L’arcivescovo sottolinea che il Concilio Vaticano II incoraggia l’uso della lingua latina nei riti latini, «tranne che per legge speciale». «Purtroppo», avverte, «il “diritto particolare” sembra essere quello di proibire il latino, come in effetti si fa. Se qualcuno osa proporre di celebrarla in latino, viene guardato come un troglodita incauto e imperdonabile».
Nella parte finale del suo articolo, Mons. Aguer confronta il tono della Traditionis custodes con il discorso del Papa alla Comunità dei sacerdoti di San Luigi dei Francesi a Roma il 7 giugno.

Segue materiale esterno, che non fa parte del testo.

(* Let $\bm{A}=[\bm{A}_1\ \bm{A}_2]\in\mathbb{R}^{m\times(n_1+n_2)}$ have full column rank with $\bm{A}_j^\top\bm{A}_j=\bm{I}_j$, $\bm{C}:=\bm{A}_2^\top\bm{A}_1\ne0$, and suppose $r:=\operatorname{rank}(\bm{C})<\min\{n_1,n_2\}$. Let $\gamma_1^*:=\frac{2}{1+\sqrt{1-\lambda_1(\bm{C}\bm{C}^\top)}}$ and $S_{11}:=[1,\infty)\times[1,\infty)$. Then $\rho(\bm{M}(\gamma_1^*,\gamma_1^* ))=\gamma_1^*-1$ and $\min_{(\gamma_1,\gamma_2)\in S_{11}}\rho(\bm{M}(\gamma_1,\gamma_2))=\gamma_1^*-1=\dfrac{1-\sqrt{1-\lambda_1(\bm{C}\bm{C}^\top)}}{1+\sqrt{1-\lambda_1(\bm{C}\bm{C}^\top)}}.$
   Context: $\rho$: spectral radius; $\lambda_1$: largest eigenvalue. $\bm{M}(\gamma_1,\gamma_2)=\begin{bmatrix}(1-\gamma_1)\bm{I}_1&-\gamma_1\bm{C}^\top\\-\gamma_2(1-\gamma_1)\bm{C}&(1-\gamma_2)\bm{I}_2+\gamma_1\gamma_2\bm{C}\bm{C}^\top\end{bmatrix}$, the two-block gradient descent iteration matrix with stepsizes $\gamma_1,\gamma_2$. *)

theory Defs
  imports "Jordan_Normal_Form.Spectral_Radius" "Jordan_Normal_Form.DL_Rank"
begin

definition lambda_max :: "real mat \<Rightarrow> real" where
  "lambda_max B = Max {x. eigenvalue B x}"

definition rho :: "real mat \<Rightarrow> real" where
  "rho B = spectral_radius (map_mat complex_of_real B)"

definition iterM :: "real mat \<Rightarrow> real \<Rightarrow> real \<Rightarrow> real mat" where
  "iterM C g1 g2 =
     (let n1 = dim_col C; n2 = dim_row C in
      four_block_mat
        ((1 - g1) \<cdot>\<^sub>m 1\<^sub>m n1)                    ((- g1) \<cdot>\<^sub>m transpose_mat C)
        ((- (g2 * (1 - g1))) \<cdot>\<^sub>m C)   ((1 - g2) \<cdot>\<^sub>m 1\<^sub>m n2 + (g1 * g2) \<cdot>\<^sub>m (C * transpose_mat C)))"

end

theory Submission
  imports Defs
begin

text \<open>Eliminating the first block of an eigenvector shows that every eigenvalue \<open>\<mu>\<close> of
  \<open>M(\<gamma>\<^sub>1,\<gamma>\<^sub>2)\<close> other than \<open>0\<close> and \<open>1 - \<gamma>\<^sub>1\<close> satisfies
  \<open>(\<mu> + \<gamma>\<^sub>1 - 1)(\<mu> + \<gamma>\<^sub>2 - 1) = \<gamma>\<^sub>1\<gamma>\<^sub>2 \<lambda> \<mu>\<close> for an eigenvalue \<open>\<lambda> \<in> [0,1]\<close> of \<open>C C\<^sup>T\<close>,
  and conversely every such root is an eigenvalue. For \<open>\<gamma>\<^sub>1 = \<gamma>\<^sub>2 = \<gamma>\<^sub>1\<^sup>*\<close> this quadratic in \<open>\<mu>\<close>
  has non-positive discriminant, because \<open>\<gamma> = \<gamma>\<^sub>1\<^sup>*\<close> solves \<open>\<gamma>\<^sup>2 \<lambda>\<^sub>1 = 4(\<gamma> - 1)\<close>; hence all
  its roots have modulus \<open>\<gamma>\<^sub>1\<^sup>* - 1\<close>. Conversely, the rank deficiency of \<open>C\<close> makes \<open>1 - \<gamma>\<^sub>1\<close>
  and \<open>1 - \<gamma>\<^sub>2\<close> eigenvalues, and when both are smaller than \<open>\<gamma>\<^sub>1\<^sup>* - 1\<close> in modulus, the
  quadratic for \<open>\<lambda> = \<lambda>\<^sub>1\<close> is non-positive at \<open>\<gamma>\<^sub>1\<^sup>* - 1\<close> and so has a real root beyond it.\<close>

lemma smult_mat_mult_vec:
  "A \<in> carrier_mat nr nc \<Longrightarrow> v \<in> carrier_vec nc \<Longrightarrow> (k \<cdot>\<^sub>m A) *\<^sub>v v = k \<cdot>\<^sub>v (A *\<^sub>v v)"
  by (rule eq_vecI) (auto simp: scalar_prod_def sum_distrib_left ac_simps)

lemma smult_append_vec: "k \<cdot>\<^sub>v (x @\<^sub>v y) = (k \<cdot>\<^sub>v x) @\<^sub>v (k \<cdot>\<^sub>v y)"
  by (rule eq_vecI) auto

lemma zero_append_zero_vec: "0\<^sub>v n1 @\<^sub>v 0\<^sub>v n2 = 0\<^sub>v (n1 + n2)"
  by (rule eq_vecI) auto

lemma smult_zero_vec: "(k :: 'a::mult_zero) \<cdot>\<^sub>v 0\<^sub>v n = 0\<^sub>v n"
  by (rule eq_vecI) auto

lemma mult_mat_zero_vec: "A \<in> carrier_mat nr nc \<Longrightarrow> A *\<^sub>v 0\<^sub>v nc = 0\<^sub>v nr"
  by (rule eq_vecI) auto

lemma smult_vec_eq_zero_iff:
  fixes v :: "'a::field vec"
  assumes v: "v \<in> carrier_vec n"
  shows "k \<cdot>\<^sub>v v = 0\<^sub>v n \<longleftrightarrow> k = 0 \<or> v = 0\<^sub>v n"
proof (intro iffI)
  assume kv: "k \<cdot>\<^sub>v v = 0\<^sub>v n"
  have "k * v $ i = 0" if "i < n" for i
    using arg_cong[OF kv, of "\<lambda>w. w $ i"] that v by simp
  then show "k = 0 \<or> v = 0\<^sub>v n" using v by auto
qed (use v in auto)

lemma mult_unit_vec:
  fixes A :: "'a::semiring_1 mat"
  shows "A \<in> carrier_mat nr nc \<Longrightarrow> i < nc \<Longrightarrow> A *\<^sub>v unit_vec nc i = col A i"
  by (rule eq_vecI) auto

lemma eigenvalueI:
  assumes "A \<in> carrier_mat n n" "v \<in> carrier_vec n" "v \<noteq> 0\<^sub>v n" "A *\<^sub>v v = k \<cdot>\<^sub>v v"
  shows "eigenvalue A k"
  using assms unfolding eigenvalue_def eigenvector_def by auto

lemma eigenvalueE:
  assumes "eigenvalue A k" "A \<in> carrier_mat n n"
  obtains v where "v \<in> carrier_vec n" "v \<noteq> 0\<^sub>v n" "A *\<^sub>v v = k \<cdot>\<^sub>v v"
  using assms unfolding eigenvalue_def eigenvector_def by auto

lemma abs_le_rho_of_eigenvalue:
  fixes M :: "real mat"
  assumes M: "M \<in> carrier_mat n n" and ev: "eigenvalue M \<mu>"
  shows "\<bar>\<mu>\<bar> \<le> rho M"
proof -
  have Mc: "map_mat complex_of_real M \<in> carrier_mat n n" using M by simp
  have "complex_of_real \<mu> \<in> spectrum (map_mat complex_of_real M)"
    using of_real_hom.eigenvalue_hom[OF M ev] unfolding spectrum_def by simp
  then have "cmod (complex_of_real \<mu>) \<le> spectral_radius (map_mat complex_of_real M)"
    using spectral_radius_mem_max(2)[OF Mc eigenvalue_imp_nonzero_dim[OF M ev]] by blast
  then show ?thesis unfolding rho_def by simp
qed

lemma rho_le_of_eigenvalues_le:
  fixes M :: "real mat"
  assumes M: "M \<in> carrier_mat n n" and n: "n > 0"
    and bound: "\<And>\<mu>. eigenvalue (map_mat complex_of_real M) \<mu> \<Longrightarrow> cmod \<mu> \<le> c"
  shows "rho M \<le> c"
proof -
  have Mc: "map_mat complex_of_real M \<in> carrier_mat n n" using M by simp
  obtain \<mu> where "\<mu> \<in> spectrum (map_mat complex_of_real M)"
    and "spectral_radius (map_mat complex_of_real M) = cmod \<mu>"
    using spectral_radius_mem_max(1)[OF Mc n] by auto
  then show ?thesis unfolding rho_def spectrum_def using bound by auto
qed

lemma eigenvalue_map_of_real_iff:
  fixes B :: "real mat"
  assumes B: "B \<in> carrier_mat n n"
  shows "eigenvalue (map_mat complex_of_real B) (complex_of_real t) \<longleftrightarrow> eigenvalue B t"
proof -
  have "eigenvalue (map_mat complex_of_real B) (complex_of_real t)
      \<longleftrightarrow> complex_of_real (poly (char_poly B) t) = 0"
    using eigenvalue_root_char_poly[of "map_mat complex_of_real B" n] B
    by (simp add: of_real_hom.char_poly_hom[OF B] of_real_hom.poly_map_poly)
  also have "\<dots> \<longleftrightarrow> eigenvalue B t"
    using eigenvalue_root_char_poly[OF B] by simp
  finally show ?thesis .
qed

lemma eigenvalue_lambda_max:
  fixes B :: "real mat"
  assumes B: "B \<in> carrier_mat n n" and ev: "eigenvalue B t"
  shows "eigenvalue B (lambda_max B)" and "t \<le> lambda_max B"
proof -
  have fin: "finite {x. eigenvalue B x}"
    using card_finite_spectrum(1)[OF B] unfolding spectrum_def .
  show "eigenvalue B (lambda_max B)"
    unfolding lambda_max_def using Max_in[OF fin] ev by auto
  show "t \<le> lambda_max B"
    unfolding lambda_max_def using fin ev by simp
qed

section \<open>Gram matrices\<close>

lemma map_mat_of_real_gram:
  "C \<in> carrier_mat n2 n1 \<Longrightarrow> map_mat complex_of_real (C * transpose_mat C)
    = map_mat complex_of_real C * transpose_mat (map_mat complex_of_real C)"
  by (rule eq_matI) (auto simp: scalar_prod_def)

lemma conjugate_map_of_real_mult_vec:
  "A \<in> carrier_mat nr nc \<Longrightarrow> v \<in> carrier_vec nc \<Longrightarrow>
    conjugate (map_mat complex_of_real A *\<^sub>v v) = map_mat complex_of_real A *\<^sub>v conjugate v"
  by (rule eq_vecI) (auto simp: scalar_prod_def sum_conjugate conjugate_dist_mul)

text \<open>Hermitian argument: \<open>\<mu> \<parallel>y\<parallel>\<^sup>2 = \<parallel>C\<^sup>T y\<parallel>\<^sup>2\<close> for a complex eigenvector \<open>y\<close>.\<close>
lemma gram_complex_eigenvalue_real:
  fixes C :: "real mat"
  assumes C: "C \<in> carrier_mat n2 n1"
    and ev: "eigenvalue (map_mat complex_of_real (C * transpose_mat C)) \<mu>"
  shows "\<exists>t. \<mu> = complex_of_real t \<and> eigenvalue (C * transpose_mat C) t"
proof -
  define Cc where "Cc = map_mat complex_of_real C"
  have Cc: "Cc \<in> carrier_mat n2 n1" and Cct: "transpose_mat Cc \<in> carrier_mat n1 n2"
    using C unfolding Cc_def by auto
  have "eigenvalue (Cc * transpose_mat Cc) \<mu>"
    using ev unfolding map_mat_of_real_gram[OF C] Cc_def .
  then obtain y where y: "y \<in> carrier_vec n2" "y \<noteq> 0\<^sub>v n2"
    and Cy: "(Cc * transpose_mat Cc) *\<^sub>v y = \<mu> \<cdot>\<^sub>v y"
    using Cc Cct by (elim eigenvalueE) auto
  define w where "w = transpose_mat Cc *\<^sub>v y"
  have w: "w \<in> carrier_vec n1" unfolding w_def using Cct y by auto
  have Cw: "Cc *\<^sub>v w = \<mu> \<cdot>\<^sub>v y"
    using Cy Cc Cct y unfolding w_def by (simp add: assoc_mult_mat_vec[of _ n2 n1 _ n2])
  have conj_w: "conjugate w = transpose_mat Cc *\<^sub>v conjugate y"
    unfolding w_def Cc_def map_mat_transpose using C y
    by (subst conjugate_map_of_real_mult_vec[of _ n1 n2]) auto
  have "(Cc *\<^sub>v w) \<bullet> conjugate y = conjugate y \<bullet> (Cc *\<^sub>v w)"
    using Cc w y by (subst comm_scalar_prod[of _ n2]) auto
  also have "\<dots> = conjugate w \<bullet> w"
    using transpose_vec_mult_scalar[OF Cc w, of "conjugate y"] y by (simp add: conj_w)
  also have "\<dots> = w \<bullet>c w" using conjugate_vec_sprod_comm[OF w w] by simp
  finally have rayleigh: "\<mu> * (y \<bullet>c y) = w \<bullet>c w" using Cw y by simp
  define p where "p = Re (y \<bullet>c y)"
  define q where "q = Re (w \<bullet>c w)"
  have "y \<bullet>c y > 0" using y by simp
  then have "y \<bullet>c y = complex_of_real p" "p > 0"
    unfolding p_def by (auto simp: less_complex_def complex_eq_iff)
  moreover have "w \<bullet>c w = complex_of_real q"
    unfolding q_def using conjugate_square_ge_0_vec[of w]
    by (auto simp: less_eq_complex_def complex_eq_iff)
  ultimately have \<mu>: "\<mu> = complex_of_real (q / p)" using rayleigh by (simp add: field_simps)
  moreover have "eigenvalue (C * transpose_mat C) (q / p)"
    using ev C unfolding \<mu> by (subst (asm) eigenvalue_map_of_real_iff[of _ n2]) auto
  ultimately show ?thesis by blast
qed

lemma gram_has_eigenvalue:
  fixes C :: "real mat"
  assumes C: "C \<in> carrier_mat n2 n1" and n2: "n2 > 0"
  obtains t where "eigenvalue (C * transpose_mat C) t"
proof -
  have "map_mat complex_of_real (C * transpose_mat C) \<in> carrier_mat n2 n2" using C by simp
  from spectrum_non_empty[OF this n2] obtain \<mu>
    where "eigenvalue (map_mat complex_of_real (C * transpose_mat C)) \<mu>"
    unfolding spectrum_def by auto
  with gram_complex_eigenvalue_real[OF C] that show ?thesis by blast
qed

lemma gram_eigenvalue_rayleigh:
  fixes C :: "real mat"
  assumes C: "C \<in> carrier_mat n2 n1" and u: "u \<in> carrier_vec n2"
    and Cu: "(C * transpose_mat C) *\<^sub>v u = t \<cdot>\<^sub>v u"
  shows "t * (u \<bullet> u) = (transpose_mat C *\<^sub>v u) \<bullet> (transpose_mat C *\<^sub>v u)"
proof -
  have Ct: "transpose_mat C \<in> carrier_mat n1 n2" using C by auto
  have "t * (u \<bullet> u) = u \<bullet> ((C * transpose_mat C) *\<^sub>v u)"
    using u by (simp add: Cu)
  also have "\<dots> = u \<bullet> (C *\<^sub>v (transpose_mat C *\<^sub>v u))"
    using C Ct u by (simp add: assoc_mult_mat_vec[of _ n2 n1 _ n2])
  also have "\<dots> = (transpose_mat C *\<^sub>v u) \<bullet> (transpose_mat C *\<^sub>v u)"
    using transpose_vec_mult_scalar[OF C _ u, of "transpose_mat C *\<^sub>v u"] Ct u by simp
  finally show ?thesis .
qed

lemma gram_eigenvalue_nonneg:
  fixes C :: "real mat"
  assumes C: "C \<in> carrier_mat n2 n1" and ev: "eigenvalue (C * transpose_mat C) t"
  shows "0 \<le> t"
proof -
  obtain u where u: "u \<in> carrier_vec n2" "u \<noteq> 0\<^sub>v n2"
    and Cu: "(C * transpose_mat C) *\<^sub>v u = t \<cdot>\<^sub>v u"
    using eigenvalueE[OF ev] C by (metis mult_carrier_mat transpose_carrier_mat)
  have "0 \<le> t * (u \<bullet> u)"
    unfolding gram_eigenvalue_rayleigh[OF C u(1) Cu]
    using conjugate_square_ge_0_vec[of "transpose_mat C *\<^sub>v u"] by simp
  moreover have "u \<bullet> u > 0" using u conjugate_square_greater_0_vec[of u n2] by simp
  ultimately show ?thesis by (simp add: zero_le_mult_iff)
qed

lemma orthonormal_transpose_mult_vec_sprod_le:
  fixes A :: "real mat"
  assumes A: "A \<in> carrier_mat m n" and orth: "transpose_mat A * A = 1\<^sub>m n"
    and w: "w \<in> carrier_vec m"
  shows "(transpose_mat A *\<^sub>v w) \<bullet> (transpose_mat A *\<^sub>v w) \<le> w \<bullet> w"
proof -
  define q where "q = transpose_mat A *\<^sub>v w"
  define p where "p = A *\<^sub>v q"
  have q: "q \<in> carrier_vec n" and p: "p \<in> carrier_vec m"
    using A w unfolding q_def p_def by auto
  have wp: "w \<bullet> p = q \<bullet> q"
    unfolding p_def q_def using transpose_vec_mult_scalar[OF A _ w, of q] A w q q_def by auto
  have "transpose_mat A *\<^sub>v p = q"
    unfolding p_def using A q by (simp add: assoc_mult_mat_vec[of _ n m _ n, symmetric] orth)
  then have pp: "p \<bullet> p = q \<bullet> q"
    using transpose_vec_mult_scalar[OF A q p] unfolding p_def by simp
  have "0 \<le> (w - p) \<bullet> (w - p)"
    using conjugate_square_ge_0_vec[of "w - p"] by simp
  also have "\<dots> = w \<bullet> w - w \<bullet> p - (p \<bullet> w - p \<bullet> p)"
    using w p by (simp add: minus_scalar_prod_distrib[of _ m] scalar_prod_minus_distrib[of _ m])
  finally show ?thesis using wp pp comm_scalar_prod[OF p w] q_def by simp
qed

«Il paragone non mi sembra arbitrario; in entrambi i casi sarebbe auspicabile notare quell’atteggiamento misericordioso che è tanto celebrato nell’attuale Pontefice», sottolinea.
«Sembra che il giudizio che la Chiesa dà, nella sua massima istanza, sul corso della vita ecclesiale proceda secondo due pesi e due misure: la tolleranza, e persino l’apprezzamento e l’identificazione con posizioni eterogenee rispetto alla grande Tradizione (“progressisti”, come sono stati chiamati) e la distanza o l’antipatia rispetto a persone o gruppi che coltivano una posizione “tradizionale”».
In conclusione, l’arcivescovo emerito di La Plata ricorda «la risoluzione che un famoso politico argentino ha brutalmente enunciato: “per gli amici, tutto; al nemico, nessuna giustizia”. Lo dico con il massimo rispetto e amore, ma con immenso dolore».
Vuolsi così colà dove si puote .....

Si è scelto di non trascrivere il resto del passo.